Sunday, 3 March 2013

Brief 7 Geek Table

Each week each member of the Geek Table is producing a piece of work based arounf a theme which fits with your 'geekness' or strength.  Mine is Concept development/ideas.

The first week was to come up with a representation of your super power.  I did a theme around ideas brewing which I though fitted nicely with GD generally as most designers love tea.

The second week the theme chosen is 'In the zone' with the restriction of using orange plus stock

In the Zone has a psychological term called 'flow'. Flow is the mental state of operation in which a person performing an activity is fully immersed in a feeling of energized focus, full involvement, and enjoyment in the process of the activity. In essence, flow is characterized by complete absorption in what one does. Proposed by Mihály Csíkszentmihályi, the positive psychology concept has been widely referenced across a variety of fields.[1] According to Csikszentmihalyi, flow is completely focused motivation. It is a single-minded immersion and represents perhaps the ultimate experience in harnessing the emotions in the service of performing and learning. In flow, the emotions are not just contained and channeled, but positive, energized, and aligned with the task at hand. To be caught in the ennui of depression or the agitation of anxiety is to be barred from flow. The hallmark of flow is a feeling of spontaneous joy, even rapture, while performing a task[2] although flow is also described (below) as a deep focus on nothing but the activity – not even oneself or one's emotions.

Buzz terms for this or similar mental states include: to be in the moment, present, in the zone, on a roll, wired in, in the groove, on fire, in tune, centered, or singularly focused.

Components of flow Nakamura and Csíkszentmihályi identify the following six factors as encompassing an experience of flow.

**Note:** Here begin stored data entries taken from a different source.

(* Let $g\ge1$ be an integer and let $\mathcal S\subseteq\mathbb N$ be a $\mathcal D[g]$ set. Then, as $n\to\infty$, $$|\mathcal S(n)|\ \le\ \log_2 n+\frac12\log_2\log_2 n+\log_2 g-\log_2\left(\sqrt{\frac2\pi}\right)+o(1),$$ where $\mathcal S(n):=\mathcal S\cap[1,n]$.
   Context: For a positive integer $g$, a set $\mathcal S=\{a_1<a_2<\cdots\}\subset\mathbb N$ is a $\mathcal D[g]$ set if for every $m$ (for which $a_m$ exists) and every $t\in\mathbb Z$, $$\left|\left\{I\subseteq\{1,\dots,m\}:\ \sum_{i\in I}a_i=t\right\}\right|\le g.$$ *)

theory Defs
  imports Complex_Main
begin

text \<open>A set S of naturals is a D[g] set if for every initial segment
  {a_1,...,a_m} of S (in increasing order) and every target t, at most g
  subsets of that segment sum to t.  Initial segments of S are exactly the
  sets S \<inter> {..N}; index subsets correspond bijectively to element subsets
  since the a_i are distinct.\<close>
definition D_set :: "nat \<Rightarrow> nat set \<Rightarrow> bool" where
  "D_set g S \<longleftrightarrow>
     (\<forall>N t. card {I. I \<subseteq> S \<inter> {..N} \<and> \<Sum>I = t} \<le> g)"

end

theory Submission
  imports Defs "HOL-Analysis.Analysis" "HOL-Real_Asymp.Real_Asymp"
begin

text \<open>Let \<open>A = S \<inter> {1..n}\<close> have \<open>k\<close> elements, and for \<open>I \<subseteq> A\<close> let \<open>\<sigma> I\<close> be the sum of
  \<open>I\<close> minus the sum of \<open>A - I\<close>. The trigonometric polynomial
  \<open>K \<theta> = \<Sum>I\<subseteq>A. \<Sum>j,j'<L. cos ((\<sigma> I + j - j') \<theta>)\<close> factors as
  \<open>2^k (\<Prod>a\<in>A. cos (a \<theta>)) |\<Sum>j<L. exp (i j \<theta>)|\<^sup>2\<close>. Its integral over \<open>[-pi, pi]\<close> is
  \<open>2 pi\<close> times the number of solutions of \<open>\<sigma> I + j = j'\<close>, which the \<open>D[g]\<close> property bounds
  by \<open>pi g L (L + 1)\<close>. From below, on \<open>|\<theta>| \<le> pi/(2n)\<close> the product of cosines is at least
  \<open>cos (n \<theta>) ^ k\<close>, whose integral is a Wallis integral of size \<open>sqrt (2 pi / (k + 1)) / n\<close>,
  and on the rest of the circle \<open>K \<theta> \<ge> -16 * 2^k / \<theta>\<^sup>2\<close>. Taking \<open>L\<close> about
  \<open>e n sqrt (k + 1) / 3\<close> gives \<open>2^k \<le> g n sqrt (k + 1) sqrt (pi/2) (1 + e) / (1 - 2 e)\<close>;
  taking logarithms and resolving the implicit bound for \<open>k\<close> yields the theorem.\<close>

lemma cos_ge_one_minus_sq_div2: "1 - x\<^sup>2 / 2 \<le> cos (x::real)"
proof -
  have "cos x = 1 - 2 * sin (x/2)^2" using cos_double_sin[of "x/2"] by simp
  moreover have "sin (x/2)^2 \<le> (x/2)^2"
    using abs_sin_x_le_abs_x[of "x/2"] by (metis abs_ge_zero power2_abs power_mono)
  ultimately show ?thesis by (simp add: power_divide)
qed

lemma sin_ge_minus_cube_div6:
  assumes "0 \<le> (x::real)"
  shows "x - x^3 / 6 \<le> sin x"
proof -
  let ?f = "\<lambda>t::real. sin t - t + t^3/6"
  have "?f 0 \<le> ?f x"
  proof (rule DERIV_nonneg_imp_increasing_open[OF assms])
    fix t :: real
    have "DERIV ?f t :> cos t - 1 + 3 * t^2 / 6"
      by (auto intro!: derivative_eq_intros)
    moreover have "cos t - 1 + 3 * t^2 / 6 \<ge> 0" using cos_ge_one_minus_sq_div2[of t] by simp
    ultimately show "\<exists>y. DERIV ?f t :> y \<and> y \<ge> 0" by blast
  next
    show "continuous_on {0..x} ?f" by (intro continuous_intros) auto
  qed
  then show ?thesis by simp
qed

lemma sq_le_four_sin_sq:
  assumes "\<bar>u::real\<bar> \<le> pi/2"
  shows "u\<^sup>2 \<le> 4 * (sin u)\<^sup>2"
proof -
  have half_le_sin: "v \<le> 2 * sin v" if "0 \<le> v" "v \<le> pi/2" for v :: real
  proof -
    have "v^2 \<le> (pi/2)^2" using that by (intro power_mono) auto
    also have "\<dots> \<le> 3"
    proof -
      have "pi * pi \<le> 3.2 * 3.2" using pi_approx pi_ge_zero by (intro mult_mono) auto
      then show ?thesis by (simp add: power2_eq_square)
    qed
    finally have "v * v^2 \<le> v * 3" using that by (intro mult_left_mono) auto
    then have "v/2 \<le> v - v^3/6" by (simp add: power3_eq_cube power2_eq_square algebra_simps)
    then show ?thesis using sin_ge_minus_cube_div6[OF that(1)] by simp
  qed
  have "sin \<bar>u\<bar> = \<bar>sin u\<bar>"
    using sin_ge_zero[of u] sin_ge_zero[of "-u"] assms by (cases "u \<ge> 0") auto
  then have "\<bar>u\<bar> \<le> 2 * \<bar>sin u\<bar>" using half_le_sin[of "\<bar>u\<bar>"] assms by simp
  then have "\<bar>u\<bar>^2 \<le> (2 * \<bar>sin u\<bar>)^2" by (intro power_mono) auto
  then show ?thesis by (simp add: power_mult_distrib)
qed

lemma has_integral_of_real_derivative:
  fixes f f' :: "real \<Rightarrow> real"
  assumes "a \<le> b" "\<And>x. x \<in> {a..b} \<Longrightarrow> (f has_real_derivative f' x) (at x)"
  shows "(f' has_integral (f b - f a)) {a..b}"
  using assms(1)
proof (rule fundamental_theorem_of_calculus)
  fix x assume "x \<in> {a..b}"
  then show "(f has_vector_derivative f' x) (at x within {a..b})"
    using assms(2) has_real_derivative_iff_has_vector_derivative
    by (metis has_field_derivative_at_within)
qed

lemma integral_inverse_sq_le:
  fixes a b :: real
  assumes "0 < a" "a \<le> b"
  shows "integral {a..b} (\<lambda>t. 1 / t\<^sup>2) \<le> 1 / a"
proof -
  have "((\<lambda>t. 1 / t^2) has_integral ((- 1 / b) - (- 1 / a))) {a..b}"
  proof (rule has_integral_of_real_derivative[OF assms(2)])
    fix x assume "x \<in> {a..b}"
    then have "x \<noteq> 0" using assms by auto
    then show "((\<lambda>t. - 1 / t) has_real_derivative 1 / x^2) (at x)"
      by (auto intro!: derivative_eq_intros simp: power2_eq_square)
  qed
  then show ?thesis using assms by (simp add: integral_unique)
qed

lemma integral_ge_neg_inverse_sq:
  fixes f :: "real \<Rightarrow> real" and a b C :: real
  assumes "0 < a" "a \<le> b" "0 \<le> C" "f integrable_on {a..b}"
    and "\<And>t. t \<in> {a..b} \<Longrightarrow> - C / t\<^sup>2 \<le> f t"
  shows "- C / a \<le> integral {a..b} f"
proof -
  have "integral {a..b} (\<lambda>t. - C * (1 / t^2)) \<le> integral {a..b} f"
  proof (rule integral_le)
    show "(\<lambda>t. - C * (1 / t^2)) integrable_on {a..b}"
      by (rule integrable_continuous_interval) (use assms(1) in \<open>intro continuous_intros; auto\<close>)
  qed (use assms in auto)
  moreover have "integral {a..b} (\<lambda>t. - C * (1 / t^2)) = - C * integral {a..b} (\<lambda>t. 1 / t^2)"
    by (rule integral_mult_right)
  moreover have "C * integral {a..b} (\<lambda>t. 1 / t^2) \<le> C * (1 / a)"
    using integral_inverse_sq_le[OF assms(1,2)] assms(3) by (intro mult_left_mono)
  ultimately show ?thesis by simp
qed

section \<open>Rescaled Wallis integrals\<close>

text \<open>The classical Wallis integral of \<open>cos ^ k\<close> over \<open>[-pi/2, pi/2]\<close>, divided by \<open>M\<close>.\<close>
definition wallis_integral :: "nat \<Rightarrow> real \<Rightarrow> real" where
  "wallis_integral k M = integral {-(pi/(2*M))..pi/(2*M)} (\<lambda>t. cos (M*t)^k)"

  • intense and focused concentration on the present moment
  • merging of action and awareness
  • a loss of reflective self-consciousness
  • a sense of personal control or agency over the situation or activity
  • a distortion of temporal experience, one's subjective experience of time is altered
  • experience of the activity as intrinsically rewarding, also referred to as autotelic experience

Those aspects can appear independently of each other, but only in combination they constitute a so-called flow experience.